I believe he isnt- 7x5=35 in ND or 7x6=42 in MN


----------



## Milla Tha Killa (Dec 11, 2006)

you can only have 4 mallards


----------



## USSapper (Sep 26, 2005)

Negative, not sure in MN but the limit in ND is 5 mallards (male) one of which may be a hen


----------



## Milla Tha Killa (Dec 11, 2006)

Minnesota is 4.


----------



## shiawassee_kid (Oct 28, 2005)

Milla Tha Killa said:


> i think your alittle over what state are you in


how about you just say "nice hunt" instead of trying to be the forum warden.

btw, nice hunt guys....way to tear'em up.


----------



## stickemdeep (Aug 21, 2007)

i think beastiality might be illegal also.


----------



## Milla Tha Killa (Dec 11, 2006)

sorry if i sound like that but i hate when people go over there limit


----------



## Horsager (Aug 31, 2006)

That one mallard's beak looks like ol' Daffy's after Mr. Fudd whacks him @ 3'.


----------



## Leo Porcello (Jul 10, 2003)

Milla Tha Killa said:


> sorry if i sound like that but i hate when people go over there limit


Don't be sorry Killa for pointing things out and asking questions and don't let anyone make you feel bad for doing it. I like you don't just jump in with the atta boys especially with all law breakers out there.

I love to post pictures but when they become disrespectful or just stupid you have to wonder why some do these things thinking it makes them look cool amongst their waterfowling peers.


----------



## Milla Tha Killa (Dec 11, 2006)

thanks man, i just hate when people shoot over there limit


----------



## prairie hunter (Mar 13, 2002)

Sioux? Need to get that boy a Bison sweatshirt. :lol:


----------



## mshutt (Apr 21, 2007)

Not knowing if you still think we killed more then our limit...im pretty sure that 7x5=35...29 of which were DRAKES and 3 pintails +3 female mallards...dont know if your the best at math....but isnt 29+6=35?? I'm not trying to be a dick about it....but we DID have 7 guys, and there IS only 35 ducks....actually there is 30...one guy took his share of ducks...

Sorry if you think im being a dick to you or anybody else.


----------



## shiawassee_kid (Oct 28, 2005)

Milla Tha Killa said:


> thanks man, i just hate when people shoot over there limit


then go be a LEO. this isn't the place to crit other hunters. why is it so hard to believe. Don't know why you gotta jump to conclusions about a hunt you obviously don't know about besides a picture of their kill.

again nice stack.


----------



## justund223 (Aug 28, 2006)

nice pics, i was wondering if you took any


----------



## honkerslayr (Dec 14, 2006)

ya true that ...don't like criticizers...but nice ducks, i had the same luck this last weekend , i just wish we woulda had some more guys to go with ustoo. they pretty much have gotten the nice plumage now all they have to do is fatten up for the late season in december


----------



## Milla Tha Killa (Dec 11, 2006)

im only 16, you guys jump on everything. i want to be more envalved with this form and all i get is **** from you people.


----------



## hunt4P&amp;Y (Sep 23, 2004)

Shake her off, nice stack, milla don't worry about it! People including my self type to fast some times for our brains to keep up.

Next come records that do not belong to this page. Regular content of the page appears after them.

section \<open>Embedding a representation into the codes and back\<close>

locale rep_image = omega_bichain_rat X q1 q2 g h for X :: "'x set" and q1 q2 g h +
  fixes X1 :: "'b set" and r1 :: "('b \<times> 'b) set" and X2 :: "'c set" and r2 :: "('c \<times> 'c) set"
    and T :: "('b \<times> 'c) set" and \<gamma> :: "nat \<Rightarrow> 'b" and hA :: "rat \<Rightarrow> 'c"
  assumes chain_X1: "chain_on X1 r1" and chain_X2: "chain_on X2 r2" and T_sub: "T \<subseteq> X1 \<times> X2"
    and join_closed_T: "join_closed r1 r2 T"
    and \<gamma>_bij: "bij_betw \<gamma> UNIV (fst ` T)" and \<gamma>_le: "\<And>m n. (\<gamma> m, \<gamma> n) \<in> r1 \<longleftrightarrow> m \<le> n"
    and finite_fiber: "\<And>x. x \<in> fst ` T \<Longrightarrow> finite (({x} \<times> snd ` T) \<inter> T)"
    and hA_in: "\<And>p. hA p \<in> snd ` T" and hA_le: "\<And>p q. p \<le> q \<longleftrightarrow> (hA p, hA q) \<in> r2"
begin

definition fiber :: "nat \<Rightarrow> 'c set" where
  "fiber n = {c. (\<gamma> n, c) \<in> T}"

lemma \<gamma>_eq_iff: "\<gamma> m = \<gamma> n \<longleftrightarrow> m = n"
  using \<gamma>_bij by (auto simp: bij_betw_def dest: injD)

lemma T_iff: "t \<in> T \<longleftrightarrow> (\<exists>n c. t = (\<gamma> n, c) \<and> c \<in> fiber n)"
proof
  assume t: "t \<in> T"
  then have "fst t \<in> range \<gamma>" using \<gamma>_bij by (simp add: bij_betw_def)
  then obtain n where "fst t = \<gamma> n" by blast
  then show "\<exists>n c. t = (\<gamma> n, c) \<and> c \<in> fiber n"
    using t unfolding fiber_def
    by (intro exI[of _ n] exI[of _ "snd t"]) (metis prod.collapse mem_Collect_eq)
qed (auto simp: fiber_def)

lemma finite_fiber_n: "finite (fiber n)"
proof -
  have "\<gamma> n \<in> fst ` T" using \<gamma>_bij by (auto simp: bij_betw_def)
  moreover have "fiber n \<subseteq> snd ` (({\<gamma> n} \<times> snd ` T) \<inter> T)" unfolding fiber_def by force
  ultimately show ?thesis using finite_fiber by (meson finite_imageI finite_subset)
qed

lemma snd_T_eq: "snd ` T = (\<Union>n. fiber n)"
  using T_iff by force

lemma snd_T_sub: "snd ` T \<subseteq> X2"
  using T_sub by auto

lemma countable_snd_T: "countable (snd ` T)"
  unfolding snd_T_eq by (intro countable_UN) (auto intro: countable_finite finite_fiber_n)

lemma inj_hA: "inj hA"
proof (rule injI)
  fix p q assume "hA p = hA q"
  moreover have "hA p \<in> X2" using hA_in snd_T_sub by blast
  ultimately show "p = q" using hA_le[of p q] hA_le[of q p] chain_on_refl[OF chain_X2] by force
qed

lemma hA_less: "p < q \<Longrightarrow> (hA p, hA q) \<in> r2 \<and> hA p \<noteq> hA q"
  using hA_le inj_hA by (metis inj_eq less_imp_le order_less_irrefl)

lemma infinite_snd_T: "infinite (snd ` T)"
proof -
  have "infinite (range hA)" using inj_hA by (metis finite_imageD infinite_UNIV_char_0)
  moreover have "range hA \<subseteq> snd ` T" using hA_in by blast
  ultimately show ?thesis using finite_subset by blast
qed

lemma chain_max_\<gamma>: "chain_max r1 (\<gamma> m) (\<gamma> n) = \<gamma> (max m n)"
  unfolding chain_max_def using \<gamma>_le by (auto simp: max_def)

lemma prod_join_\<gamma>: "prod_join r1 r2 (\<gamma> m, c) (\<gamma> n, c') = (\<gamma> (max m n), chain_max r2 c c')"
  unfolding prod_join_def by (simp add: chain_max_\<gamma>)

Nice stack, lets get back on topic.


----------



## Leo Porcello (Jul 10, 2003)

Milla,

Don't sweat the small stuff brother. Just sit back and read and learn. Only type if your 100% that what you are typing is true. There are some people you will never win with. That is part of life and honestly just accept it and move on. Don't fall in the trap. There is more to waterfowling then big stacks of dead birds and putting them between ones legs like your getting your grove on with it. Some get this, some don't, some never will. This place is not the roughest forum on the web but you still need to have thick skin and realize that typing has no emotion therefore it is hard to interpret how people are expressing themselves. By reading shiawassee_kid's replies I would gather that I could put a picture of myself standing on 100 honkers it would be totally rocking cool to him. He would not care if I shot them all myself infact it probably would never cross his mind. He would be mesmorized by the stack. However real sportsman, real conservationalist (SP), and in simply english people that give a flying pluck would at least in their head question if I had enough guys with me to kill that many birds and also if that meat is going to get utilized. Just my 2 cents.

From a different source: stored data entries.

(* Let $\mathbb{F}$ be a field, $T$ a $(d,\mathbb{F})$-matrix-tree and $v$ a vertex of $T$. Let $T'=T-T_v$ be obtained by removing $v$ and all its descendants, and let $T''$ be obtained from $T$ by removing all leaves of $T_v$ labelled $L_C$. Then $M(A(T'))$ is isomorphic to $M(A(T''))$.
   Context: $T_v$ is the subtree of $T$ consisting of $v$ and all its descendants. The depth of a rooted tree is the number of edges on a longest root-to-leaf path. A $(d,\mathbb{F})$-matrix-tree is a rooted tree of depth at most $d$ with unary labels from $\{L_R,L_C\}\cup\{L_{i,\alpha}: i\in\{0,\dots,d\},\alpha\in\mathbb{F}\}$ such that: every node labelled $L_C$ is a leaf; every other non-root node is labelled $L_R$; each $L_C$-leaf at distance $k\le d$ from the root carries, for each $i\in\{0,\dots,k-1\}$, exactly one label $L_{i,\alpha}$. The matrix $A(T)$ has rows the $L_R$-nodes, columns the $L_C$-nodes, and entry at $(r,c)$ equal to $0$ if $r$ is not an ancestor of $c$, and equal to the unique $\alpha$ with $c$ labelled $L_{i,\alpha}$ if $r$ is an ancestor of $c$ at distance $i$ from the root. $M(B)$ denotes the column matroid of a matrix $B$. *)

theory Defs
  imports Main
begin

datatype 'f label = LR | LC | Lab nat 'f

text \<open>A rooted tree is given by a finite node set V, a root r and a parent map par
  (the edges are {w, par w} for w in V - {r}); every node reaches the root.\<close>
definition rooted_tree :: "'v set \<Rightarrow> 'v \<Rightarrow> ('v \<Rightarrow> 'v) \<Rightarrow> bool" where
  "rooted_tree V r par \<longleftrightarrow> finite V \<and> r \<in> V \<and> (\<forall>w\<in>V - {r}. par w \<in> V)
     \<and> (\<forall>w\<in>V. \<exists>k. (par ^^ k) w = r)"

definition dist_root :: "'v \<Rightarrow> ('v \<Rightarrow> 'v) \<Rightarrow> 'v \<Rightarrow> nat" where
  "dist_root r par w = (LEAST k. (par ^^ k) w = r)"

definition is_leaf :: "'v set \<Rightarrow> 'v \<Rightarrow> ('v \<Rightarrow> 'v) \<Rightarrow> 'v \<Rightarrow> bool" where
  "is_leaf V r par w \<longleftrightarrow> \<not> (\<exists>x\<in>V - {r}. par x = w)"

definition is_anc :: "'v \<Rightarrow> ('v \<Rightarrow> 'v) \<Rightarrow> 'v \<Rightarrow> 'v \<Rightarrow> bool" where
  "is_anc r par u w \<longleftrightarrow> (\<exists>k. 0 < k \<and> k \<le> dist_root r par w \<and> (par ^^ k) w = u)"

definition subtree :: "'v set \<Rightarrow> 'v \<Rightarrow> ('v \<Rightarrow> 'v) \<Rightarrow> 'v \<Rightarrow> 'v set" where
  "subtree V r par v = {w \<in> V. \<exists>k \<le> dist_root r par w. (par ^^ k) w = v}"

definition matrix_tree :: "nat \<Rightarrow> 'v set \<Rightarrow> 'v \<Rightarrow> ('v \<Rightarrow> 'v) \<Rightarrow> ('v \<Rightarrow> 'f label set) \<Rightarrow> bool" where
  "matrix_tree d V r par lab \<longleftrightarrow>
     rooted_tree V r par
   \<and> (\<forall>w\<in>V. dist_root r par w \<le> d)
   \<and> (\<forall>w\<in>V. \<forall>i a. Lab i a \<in> lab w \<longrightarrow> i \<le> d)
   \<and> (\<forall>w\<in>V. LC \<in> lab w \<longrightarrow> is_leaf V r par w)
   \<and> (\<forall>w\<in>V - {r}. LC \<notin> lab w \<longrightarrow> LR \<in> lab w)
   \<and> (\<forall>w\<in>V. LC \<in> lab w \<longrightarrow> (\<forall>i < dist_root r par w. \<exists>!a. Lab i a \<in> lab w))"

text \<open>The matrix A(T) for the labelled tree on node set V (rows: L_R nodes, columns: L_C nodes).
  It is applied also to node sets of subtrees T', T'' (same root, parent map and labels).\<close>
definition mt_rows :: "'v set \<Rightarrow> ('v \<Rightarrow> 'f label set) \<Rightarrow> 'v set" where
  "mt_rows V lab = {u \<in> V. LR \<in> lab u}"

definition mt_cols :: "'v set \<Rightarrow> ('v \<Rightarrow> 'f label set) \<Rightarrow> 'v set" where
  "mt_cols V lab = {c \<in> V. LC \<in> lab c}"

definition mt_entry :: "'v \<Rightarrow> ('v \<Rightarrow> 'v) \<Rightarrow> ('v \<Rightarrow> 'f::zero label set) \<Rightarrow> 'v \<Rightarrow> 'v \<Rightarrow> 'f" where
  "mt_entry r par lab u c =
     (if is_anc r par u c then (THE a. Lab (dist_root r par u) a \<in> lab c) else 0)"

definition col_matroid :: "'r set \<Rightarrow> 'c set \<Rightarrow> ('r \<Rightarrow> 'c \<Rightarrow> 'f::field) \<Rightarrow> 'c set \<times> ('c set \<Rightarrow> bool)" where
  "col_matroid R C B = (C, \<lambda>S. S \<subseteq> C \<and> finite S \<and>
      (\<forall>g. (\<forall>u\<in>R. (\<Sum>c\<in>S. g c * B u c) = 0) \<longrightarrow> (\<forall>c\<in>S. g c = 0)))"

definition matroid_iso :: "'a set \<times> ('a set \<Rightarrow> bool) \<Rightarrow> 'b set \<times> ('b set \<Rightarrow> bool) \<Rightarrow> bool" where
  "matroid_iso M N \<longleftrightarrow> (\<exists>f. bij_betw f (fst M) (fst N) \<and>
      (\<forall>S \<subseteq> fst M. snd M S \<longleftrightarrow> snd N (f ` S)))"

definition mt_matroid :: "'v set \<Rightarrow> 'v \<Rightarrow> ('v \<Rightarrow> 'v) \<Rightarrow> ('v \<Rightarrow> 'f::field label set) \<Rightarrow> 'v set \<times> ('v set \<Rightarrow> bool)" where
  "mt_matroid V r par lab = col_matroid (mt_rows V lab) (mt_cols V lab) (mt_entry r par lab)"

end

theory Submission
  imports Defs
begin

text \<open>The two matroids are in fact equal. Both trees keep exactly the same \<open>L\<^sub>C\<close>-leaves,
  namely those outside \<open>T\<^sub>v\<close>, and \<open>T''\<close> only has the extra rows of the \<open>L\<^sub>R\<close>-nodes of \<open>T\<^sub>v\<close>.
  Such a node is an ancestor of no remaining column, so its row of \<open>A(T'')\<close> vanishes,
  and zero rows impose no linear relation on the columns.\<close>

lemma matroid_iso_refl: "matroid_iso M M"
  unfolding matroid_iso_def by (rule exI[of _ id]) auto

lemma col_matroid_zero_rows:
  assumes "R \<subseteq> R'" and zero: "\<And>u c. u \<in> R' - R \<Longrightarrow> c \<in> C \<Longrightarrow> B u c = 0"
  shows "col_matroid R' C B = col_matroid R C B"
proof -
  have "(\<forall>u\<in>R'. (\<Sum>c\<in>S. g c * B u c) = 0) \<longleftrightarrow> (\<forall>u\<in>R. (\<Sum>c\<in>S. g c * B u c) = 0)"
    if "S \<subseteq> C" for S g
  proof -
    have "(\<Sum>c\<in>S. g c * B u c) = 0" if "u \<in> R' - R" for u
      using zero[OF that] \<open>S \<subseteq> C\<close> by (simp add: subset_iff)
    then show ?thesis using assms(1) by blast
  qed
  then show ?thesis
    unfolding col_matroid_def by (intro arg_cong[where f = "Pair C"] ext conj_cong refl) simp_all
qed

lemma funpow_dist_root:
  assumes "rooted_tree V r par" and "w \<in> V"
  shows "(par ^^ dist_root r par w) w = r"
proof -
  have "\<exists>k. (par ^^ k) w = r" using assms unfolding rooted_tree_def by blast
  then show ?thesis unfolding dist_root_def by (rule LeastI_ex)
qed

lemma subtree_closed_under_descendants:
  assumes rt: "rooted_tree V r par" and "c \<in> V"
    and anc: "is_anc r par u c" and u: "u \<in> subtree V r par v"
  shows "c \<in> subtree V r par v"
proof -
  obtain k where k: "k \<le> dist_root r par c" "(par ^^ k) c = u"
    using anc unfolding is_anc_def by blast
  obtain j where j: "j \<le> dist_root r par u" "(par ^^ j) u = v"
    using u unfolding subtree_def by blast
  have "(par ^^ (dist_root r par c - k)) u = r"
    using funpow_dist_root[OF rt \<open>c \<in> V\<close>] k
    by (metis funpow_add le_add_diff_inverse2 comp_apply)
  then have "dist_root r par u \<le> dist_root r par c - k"
    unfolding dist_root_def by (rule Least_le)
  then have "j + k \<le> dist_root r par c" using j(1) k(1) by linarith
  moreover have "(par ^^ (j + k)) c = v" using j(2) k(2) by (simp add: funpow_add)
  ultimately show ?thesis using \<open>c \<in> V\<close> unfolding subtree_def by blast
qed

theorem lemma14:
  fixes d :: nat and V :: "'v set" and r v :: 'v and par :: "'v \<Rightarrow> 'v"
    and lab :: "'v \<Rightarrow> ('f::field) label set"
  assumes "matrix_tree d V r par lab" and "v \<in> V"
  shows "matroid_iso
           (mt_matroid (V - subtree V r par v) r par lab)
           (mt_matroid (V - {w \<in> subtree V r par v. is_leaf V r par w \<and> LC \<in> lab w}) r par lab)"
proof -
  let ?T = "subtree V r par v"
  let ?V' = "V - ?T"
  let ?V'' = "V - {w \<in> ?T. is_leaf V r par w \<and> LC \<in> lab w}"
  have rt: "rooted_tree V r par"
    and leaf: "\<And>w. w \<in> V \<Longrightarrow> LC \<in> lab w \<Longrightarrow> is_leaf V r par w"
    using assms(1) unfolding matrix_tree_def by blast+
  have cols: "mt_cols ?V'' lab = mt_cols ?V' lab"
    unfolding mt_cols_def using leaf by auto
  have "mt_rows ?V' lab \<subseteq> mt_rows ?V'' lab"
    unfolding mt_rows_def by auto
  moreover have "mt_entry r par lab u c = 0"
    if "u \<in> mt_rows ?V'' lab - mt_rows ?V' lab" "c \<in> mt_cols ?V' lab" for u c
  proof -
    have "\<not> is_anc r par u c"
      using that subtree_closed_under_descendants[OF rt]
      unfolding mt_rows_def mt_cols_def by blast
    then show ?thesis unfolding mt_entry_def by simp
  qed
  ultimately have "mt_matroid ?V'' r par lab = mt_matroid ?V' r par lab"
    unfolding mt_matroid_def cols by (rule col_matroid_zero_rows)
  then show ?thesis by (simp add: matroid_iso_refl)
qed

end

Now to your original post I may have just asked what state they were in before throwing the a little over comment in. Like I said this place is not so bad and you will learn a lot.


----------



## Bob Kellam (Apr 8, 2004)

Great reply Leo

Mila that is some pretty solid advise. Enjoy the site.

Thanks Leo!!

Bob


----------



## shiawassee_kid (Oct 28, 2005)

Leo Porcello said:


> By reading shiawassee_kid's replies I would gather that I could put a picture of myself standing on 100 honkers it would be totally rocking cool to him. He would not care if I shot them all myself infact it probably would never cross his mind. He would be mesmorized by the stack.


couldn't be more wrong my friend. I simply stated that hating on people needs to stop....but then you go ahead and hate on me. great advice to the young one, maybe you should listen to yourself.


----------



## Leo Porcello (Jul 10, 2003)

How is the kid hating? He asked a simple question. Factor in his age and that would explain the way he asked his question. Your the one that popped out of the closet with the double barrel blasting away. Who are you to tell a kid what he should have and should not have posted when it did not cross any lines. Last time I checked we are still in a free country.

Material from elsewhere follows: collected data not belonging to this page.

section \<open>Matrices (0-based indices)\<close>

text \<open>A node of an element is a triple (i1,i2,i3) with i_l < N_l; the Kronecker product
  X1 (x) X2 (x) X3 is indexed by such triples.  1-D matrices are nat => nat => real.\<close>
type_synonym node = "nat \<times> nat \<times> nat"
type_synonym mat = "node \<Rightarrow> node \<Rightarrow> real"

definition kron3 :: "(nat \<Rightarrow> nat \<Rightarrow> real) \<Rightarrow> (nat \<Rightarrow> nat \<Rightarrow> real) \<Rightarrow> (nat \<Rightarrow> nat \<Rightarrow> real) \<Rightarrow> mat" where
  "kron3 X Y Z = (\<lambda>(i1, i2, i3) (j1, j2, j3). X i1 j1 * Y i2 j2 * Z i3 j3)"

definition slot :: "nat \<Rightarrow> (nat \<Rightarrow> nat \<Rightarrow> real) \<Rightarrow> (nat \<Rightarrow> nat \<Rightarrow> nat \<Rightarrow> real) \<Rightarrow> mat" where
  "slot l X F = kron3 (if l = 1 then X else F 1) (if l = 2 then X else F 2) (if l = 3 then X else F 3)"

definition idm :: "nat \<Rightarrow> nat \<Rightarrow> real" where "idm i j = (if i = j then 1 else 0)"

definition nodes :: "(nat \<Rightarrow> nat) \<Rightarrow> node set" where
  "nodes Nn = {..<Nn 1} \<times> {..<Nn 2} \<times> {..<Nn 3}"

text \<open>Index set of the face operators (slot l has the single index 0).\<close>
definition face :: "(nat \<Rightarrow> nat) \<Rightarrow> nat \<Rightarrow> node set" where
  "face Nn l = {..<(if l = 1 then 1 else Nn 1)} \<times> {..<(if l = 2 then 1 else Nn 2)}
               \<times> {..<(if l = 3 then 1 else Nn 3)}"

definition mmul :: "'c set \<Rightarrow> ('a \<Rightarrow> 'c \<Rightarrow> real) \<Rightarrow> ('c \<Rightarrow> 'b \<Rightarrow> real) \<Rightarrow> 'a \<Rightarrow> 'b \<Rightarrow> real" where
  "mmul S X Y = (\<lambda>a b. \<Sum>c\<in>S. X a c * Y c b)"
definition mtr :: "('a \<Rightarrow> 'b \<Rightarrow> real) \<Rightarrow> 'b \<Rightarrow> 'a \<Rightarrow> real" where
  "mtr X = (\<lambda>a b. X b a)"
definition madd :: "('a \<Rightarrow> 'b \<Rightarrow> real) \<Rightarrow> ('a \<Rightarrow> 'b \<Rightarrow> real) \<Rightarrow> 'a \<Rightarrow> 'b \<Rightarrow> real" where
  "madd X Y = (\<lambda>a b. X a b + Y a b)"
definition hada :: "('a \<Rightarrow> 'b \<Rightarrow> real) \<Rightarrow> ('a \<Rightarrow> 'b \<Rightarrow> real) \<Rightarrow> 'a \<Rightarrow> 'b \<Rightarrow> real" where
  "hada X Y = (\<lambda>a b. X a b * Y a b)"
definition diagm :: "('a \<Rightarrow> real) \<Rightarrow> 'a \<Rightarrow> 'a \<Rightarrow> real" where
  "diagm d = (\<lambda>a b. if a = b then d a else 0)"
definition rsum :: "'b set \<Rightarrow> ('a \<Rightarrow> 'b \<Rightarrow> real) \<Rightarrow> 'a \<Rightarrow> real" where
  "rsum S X = (\<lambda>a. \<Sum>b\<in>S. X a b)"
definition mvec :: "'b set \<Rightarrow> ('a \<Rightarrow> 'b \<Rightarrow> real) \<Rightarrow> ('b \<Rightarrow> real) \<Rightarrow> 'a \<Rightarrow> real" where
  "mvec S X v = (\<lambda>a. \<Sum>b\<in>S. X a b * v b)"
text \<open>Inverse of a diagonal matrix (used for M, which is diagonal).\<close>
definition dinv :: "('a \<Rightarrow> 'a \<Rightarrow> real) \<Rightarrow> 'a \<Rightarrow> 'a \<Rightarrow> real" where
  "dinv X = diagm (\<lambda>a. inverse (X a a))"

text \<open>e_1^T, e_N^T as 1 x N matrices and E = e_N e_N^T - e_1 e_1^T.\<close>
definition e_first :: "nat \<Rightarrow> nat \<Rightarrow> real" where
  "e_first i j = (if i = 0 \<and> j = 0 then 1 else 0)"
definition e_last :: "nat \<Rightarrow> nat \<Rightarrow> nat \<Rightarrow> real" where
  "e_last n i j = (if i = 0 \<and> j = n - 1 then 1 else 0)"
definition Emat :: "nat \<Rightarrow> nat \<Rightarrow> nat \<Rightarrow> real" where
  "Emat n i j = (if i = n - 1 \<and> j = n - 1 then 1 else 0) - (if i = 0 \<and> j = 0 then 1 else 0)"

So if I profiled you wrong I apologize (don't fall over stoeger and taddy).


----------



## shiawassee_kid (Oct 28, 2005)

Leo Porcello said:


> How is the kid hating? He asked a simple question. Factor in his age and that would explain the way he asked his question. Your the one that popped out of the closet with the double barrel blasting away. Who are you to tell a kid what he should have and should not have posted when it did not cross any lines. Last time I checked we are still in a free country.
> 
> So if I profiled you wrong I apologize (don't fall over stoeger and taddy).


excuse me for NOT assuming he was 16. bottom line is, there is no reason to rip on someone for posting pictures of a great hunt. want to contribute to the site, might i suggest being constructive, not critical.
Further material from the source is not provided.